TOUGHPADとTORQUEの使い分けも実は現場の判断であり、機械警備隊員はTOUGHPADを、機械メンテナンスなどを行う技術員はTORQUEを自然と選んだそうで、現場の意見によって端末が選択された。TOUGHPADはバッテリー駆動時間も長く、E05SHが4.8時間程度だったところ、24時間は持続するため、バッテリー要件も満たしている(TORQUEも連続通話時間は24時間以上)。

また、業務上の理由で大きい端末を選んだため「重量が重くなった」という声もあるそうだが、一方で「フィーチャーフォンではボタンが小さくて手袋を外していたが、外さずに操作できるようになった」と概ね満足している隊員が多いようだ。

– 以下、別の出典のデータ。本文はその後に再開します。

text \<open>
  Both quotients have a basis of normal paths: the paths of \<open>Q\<^sup>s\<^sup>p\<close> containing neither a
  relation of \<open>I\<close> nor a factor \<open>\<epsilon>\<^sub>i \<epsilon>\<^sub>i\<close>. Modulo \<open>\<langle>I\<^sup>s\<^sup>p\<rangle>\<close> a path is congruent to
  itself if it is normal and to \<open>0\<close> otherwise. Modulo \<open>\<langle>I\<^sup>s\<^sup>g\<rangle>\<close>, where
  \<open>\<epsilon>\<^sub>i\<^sup>2 \<equiv> \<epsilon>\<^sub>i\<close>, it is congruent to the path obtained by shrinking every run of
  \<open>\<epsilon>\<^sub>i\<close>'s to a single \<open>\<epsilon>\<^sub>i\<close>, or to \<open>0\<close> if a relation of \<open>I\<close> occurs in it; this
  is well defined because the relations of \<open>I\<close> have length two and involve no special loop.
  Each reduction extends linearly to \<open>kQ\<^sup>s\<^sup>p\<close>; its kernel is an ideal containing the
  generators, and every element is congruent to its reduction, so the generated ideal is
  exactly the kernel. Each reduction fixes the normal paths produced by the other, hence it
  induces an isomorphism between the two quotients, and finite dimensionality is transported
  along such isomorphisms.
\<close>

lemma path_sel [simp]: "pstart (u, xs, w) = u" "parrs (u, xs, w) = xs" "pend (u, xs, w) = w"
  by (simp_all add: pstart_def parrs_def pend_def)

lemma pstart_parrs_pend: "(pstart p, parrs p, pend p) = p"
  by (simp add: pstart_def parrs_def pend_def)

lemma pcomp_sel [simp]:
  "pstart (pcomp p q) = pstart q" "parrs (pcomp p q) = parrs p @ parrs q" "pend (pcomp p q) = pend p"
  by (simp_all add: pcomp_def)

locale quiver =
  fixes V :: "'v set" and A :: "'b set" and s t :: "'b \<Rightarrow> 'v"
  assumes arrow_ends: "a \<in> A \<Longrightarrow> s a \<in> V \<and> t a \<in> V"
begin

abbreviation vp where "vp \<equiv> valid_path V A s t"
abbreviation PA where "PA \<equiv> path_alg V A s t"

lemma valid_path_Nil [simp]: "vp (u, [], w) \<longleftrightarrow> u \<in> V \<and> w = u"
  by (auto simp: valid_path_def)

lemma valid_path_Cons:
  "vp (u, a # xs, w) \<longleftrightarrow> a \<in> A \<and> t a = w \<and> vp (u, xs, s a)"
proof (cases xs)
  case Nil
  then show ?thesis using arrow_ends by (auto simp: valid_path_def)
next
  case (Cons b ys)
  have "(\<forall>i. Suc i < length (a # xs) \<longrightarrow> s ((a # xs) ! i) = t ((a # xs) ! Suc i)) \<longleftrightarrow>
        s a = t b \<and> (\<forall>i. Suc i < length xs \<longrightarrow> s (xs ! i) = t (xs ! Suc i))"
    using Cons by (auto simp: All_less_Suc2)
  then show ?thesis using Cons arrow_ends by (auto simp: valid_path_def)
qed

lemma valid_path_append:
  "vp (u, xs @ ys, w) \<longleftrightarrow> (\<exists>m. vp (m, xs, w) \<and> vp (u, ys, m))"
proof (induction xs arbitrary: w)
  case Nil
  then show ?case by (auto simp: valid_path_def)
next
  case (Cons a xs)
  then show ?case by (auto simp: valid_path_Cons)
qed

lemma valid_path_arrows: "vp p \<Longrightarrow> set (parrs p) \<subseteq> A"
  by (auto simp: valid_path_def split: prod.splits)

lemma valid_pcomp: "vp p \<Longrightarrow> vp q \<Longrightarrow> pend q = pstart p \<Longrightarrow> vp (pcomp p q)"
  by (cases p; cases q) (auto simp: pcomp_def valid_path_append)

end

definition supp :: "('x \<Rightarrow> 'k::zero) \<Rightarrow> 'x set" where
  "supp f = {p. f p \<noteq> 0}"

lemma supp_vadd: "supp (vadd f g) \<subseteq> supp f \<union> supp g"
  and supp_vsub: "supp (vsub f g) \<subseteq> supp f \<union> supp g"
  and supp_vscale: "supp (vscale c f) \<subseteq> supp f"
  by (auto simp: supp_def vadd_def vsub_def vscale_def)

lemma supp_pbasis [simp]: "supp (pbasis p :: _ \<Rightarrow> 'k::field) = {p}"
  by (simp add: supp_def pbasis_def)

lemma vsub_self [simp]: "vsub f f = vzero"
  by (simp add: vsub_def vzero_def)

lemma vsub_as_vadd: "vsub f g = vadd f (vscale (-1) g)"
  by (simp add: vsub_def vadd_def vscale_def)

lemma pbasis_expansion:
  assumes "finite (supp f)"
  shows "f = (\<lambda>r. \<Sum>p\<in>supp f. f p * pbasis p r)"
proof
  fix r
  have "(\<Sum>p\<in>supp f. f p * pbasis p r) = (\<Sum>p\<in>supp f. if p = r then f p else 0)"
    by (rule sum.cong) (auto simp: pbasis_def)
  also have "\<dots> = f r"
    using assms by (simp add: sum.delta' supp_def)
  finally show "f r = (\<Sum>p\<in>supp f. f p * pbasis p r)" ..
qed

lemma amul_altdef:
  assumes "finite F" "finite G" "supp f \<subseteq> F" "supp g \<subseteq> G"
  shows "amul f g r =
    (\<Sum>(p, q)\<in>{(p, q). p \<in> F \<and> q \<in> G \<and> pend q = pstart p \<and> pcomp p q = r}. f p * g q)"
  unfolding amul_def
proof (rule sum.mono_neutral_left)
  show "finite {(p, q). p \<in> F \<and> q \<in> G \<and> pend q = pstart p \<and> pcomp p q = r}"
    by (rule finite_subset[of _ "F \<times> G"]) (use assms in auto)
qed (use assms in \<open>auto simp: supp_def\<close>)

lemma amul_pbasis:
  assumes "pend q = pstart p"
  shows "amul (pbasis p) (pbasis q) = (pbasis (pcomp p q) :: _ \<Rightarrow> 'k::field)"
proof
  fix r
  have "{(p', q'). pbasis p p' \<noteq> (0::'k) \<and> pbasis q q' \<noteq> (0::'k) \<and> pend q' = pstart p' \<and> pcomp p' q' = r}
        = (if pcomp p q = r then {(p, q)} else {})"
    using assms by (auto simp: pbasis_def)
  then show "amul (pbasis p) (pbasis q) r = (pbasis (pcomp p q) r :: 'k)"
    by (simp add: amul_def pbasis_def)
qed

lemma amul_vsub_left:
  assumes "finite (supp f)" "finite (supp g)" "finite (supp h)"
  shows "amul (vsub f g) h = vsub (amul f h) (amul g h)"
proof
  fix r
  let ?P = "{(p, q). p \<in> supp f \<union> supp g \<and> q \<in> supp h \<and> pend q = pstart p \<and> pcomp p q = r}"
  have "amul (vsub f g) h r = (\<Sum>(p, q)\<in>?P. vsub f g p * h q)"
    and "amul f h r = (\<Sum>(p, q)\<in>?P. f p * h q)" and "amul g h r = (\<Sum>(p, q)\<in>?P. g p * h q)"
    by (rule amul_altdef; use assms supp_vsub[of f g] in auto)+
  then show "amul (vsub f g) h r = vsub (amul f h) (amul g h) r"
    by (simp add: vsub_def left_diff_distrib sum_subtractf case_prod_unfold)
qed

lemma amul_vsub_right:
  assumes "finite (supp f)" "finite (supp g)" "finite (supp h)"
  shows "amul h (vsub f g) = vsub (amul h f) (amul h g)"
proof
  fix r
  let ?P = "{(p, q). p \<in> supp h \<and> q \<in> supp f \<union> supp g \<and> pend q = pstart p \<and> pcomp p q = r}"
  have "amul h (vsub f g) r = (\<Sum>(p, q)\<in>?P. h p * vsub f g q)"
    and "amul h f r = (\<Sum>(p, q)\<in>?P. h p * f q)" and "amul h g r = (\<Sum>(p, q)\<in>?P. h p * g q)"
    by (rule amul_altdef; use assms supp_vsub[of f g] in auto)+
  then show "amul h (vsub f g) r = vsub (amul h f) (amul h g) r"
    by (simp add: vsub_def right_diff_distrib sum_subtractf case_prod_unfold)
qed

lemma supp_amul:
  assumes "r \<in> supp (amul f g)"
  obtains p q where "p \<in> supp f" "q \<in> supp g" "pend q = pstart p" "r = pcomp p q"
proof -
  from assms have "(\<Sum>(p, q)\<in>{(p, q). f p \<noteq> 0 \<and> g q \<noteq> 0 \<and> pend q = pstart p \<and> pcomp p q = r}.
      f p * g q) \<noteq> 0"
    by (simp add: supp_def amul_def)
  then obtain x where "x \<in> {(p, q). f p \<noteq> 0 \<and> g q \<noteq> 0 \<and> pend q = pstart p \<and> pcomp p q = r}"
    by (rule sum.not_neutral_contains_not_neutral)
  then show ?thesis using that by (cases x) (auto simp: supp_def)
qed

context quiver
begin

lemma path_alg_iff: "f \<in> PA \<longleftrightarrow> finite (supp f) \<and> (\<forall>p\<in>supp f. vp p)"
  by (auto simp: path_alg_def supp_def)

lemma path_alg_finite_supp: "f \<in> PA \<Longrightarrow> finite (supp f)"
  by (simp add: path_alg_iff)

lemma pbasis_in_path_alg: "vp p \<Longrightarrow> (pbasis p :: _ \<Rightarrow> 'k::field) \<in> PA"
  by (simp add: path_alg_iff)

lemma vzero_in_path_alg: "vzero \<in> PA"
  by (simp add: path_alg_iff supp_def vzero_def)

lemma vadd_in_path_alg: "f \<in> PA \<Longrightarrow> g \<in> PA \<Longrightarrow> vadd f g \<in> PA"
  and vsub_in_path_alg: "f \<in> PA \<Longrightarrow> g \<in> PA \<Longrightarrow> vsub f g \<in> PA"
  and vscale_in_path_alg: "f \<in> PA \<Longrightarrow> vscale c f \<in> PA"
  unfolding path_alg_iff
  using supp_vadd[of f g] supp_vsub[of f g] supp_vscale[of c f]
  by (meson UnE finite_UnI finite_subset subsetD)+

lemma amul_in_path_alg:
  assumes "f \<in> PA" "g \<in> PA"
  shows "amul f g \<in> PA"
proof -
  let ?P = "{(p, q). p \<in> supp f \<and> q \<in> supp g \<and> pend q = pstart p}"
  have "finite ?P"
    by (rule finite_subset[of _ "supp f \<times> supp g"]) (use assms in \<open>auto simp: path_alg_iff\<close>)
  moreover have "supp (amul f g) \<subseteq> (\<lambda>(p, q). pcomp p q) ` ?P"
    by (force elim: supp_amul)
  moreover have "vp r" if "r \<in> supp (amul f g)" for r
    using that assms by (auto elim!: supp_amul intro!: valid_pcomp simp: path_alg_iff)
  ultimately show ?thesis
    by (meson finite_imageI finite_subset path_alg_iff)
qed

end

もちろん使い勝手だけでなく、これまで従量課金だった音声通話料が定額制になったことで、通話コストも大幅に削減。従来、細かく取扱いを規定して注意を払ってきた紙媒体の資料も不要になるなど、「コスト効果は抜群に出ている」と地頭氏は強調する。

○2020年に向けてIT化を進めるALSOK

今後、さまざまな大規模イベントが続くが、こうしたイベント時の雑踏警備でも、タフネススマホは重要なアイテムとなると考えている。これは、警備隊員へ素早く、正確な情報配信を行うことで、より品質の高いサービス提供へと繋がるからだ。

少子高齢化などから労働人口の減少が予想されているが、これは警備業務でも例外ではない。限られた人員で業務を遂行する上で、数をカバーする警備能力の底上げに、こうした端末とシステムを活用する必要が出てくる。また、そうした現場の課題解決に加えて「未来のガードマン像を描くことも大事」と地頭氏。実際に、タフスマホのカメラやバーコードリーダーの活用、携帯性に優れたウェアラブルデバイスとの組み合わせによるセンシングなど、具体的に将来像を描いて検討している段階に入っている。

こうした将来像とともに、重要視するのは「現場からの声を重視し、改善を進めていく」ということ。それも単に押し付けるのではなく、現場が「選んでくれないとダメ」とするALSOK。「コスト効率化」「品質向上」という両面から、現場とシステムの二者が"二人三脚"で、2020年へと歩みを進めていく。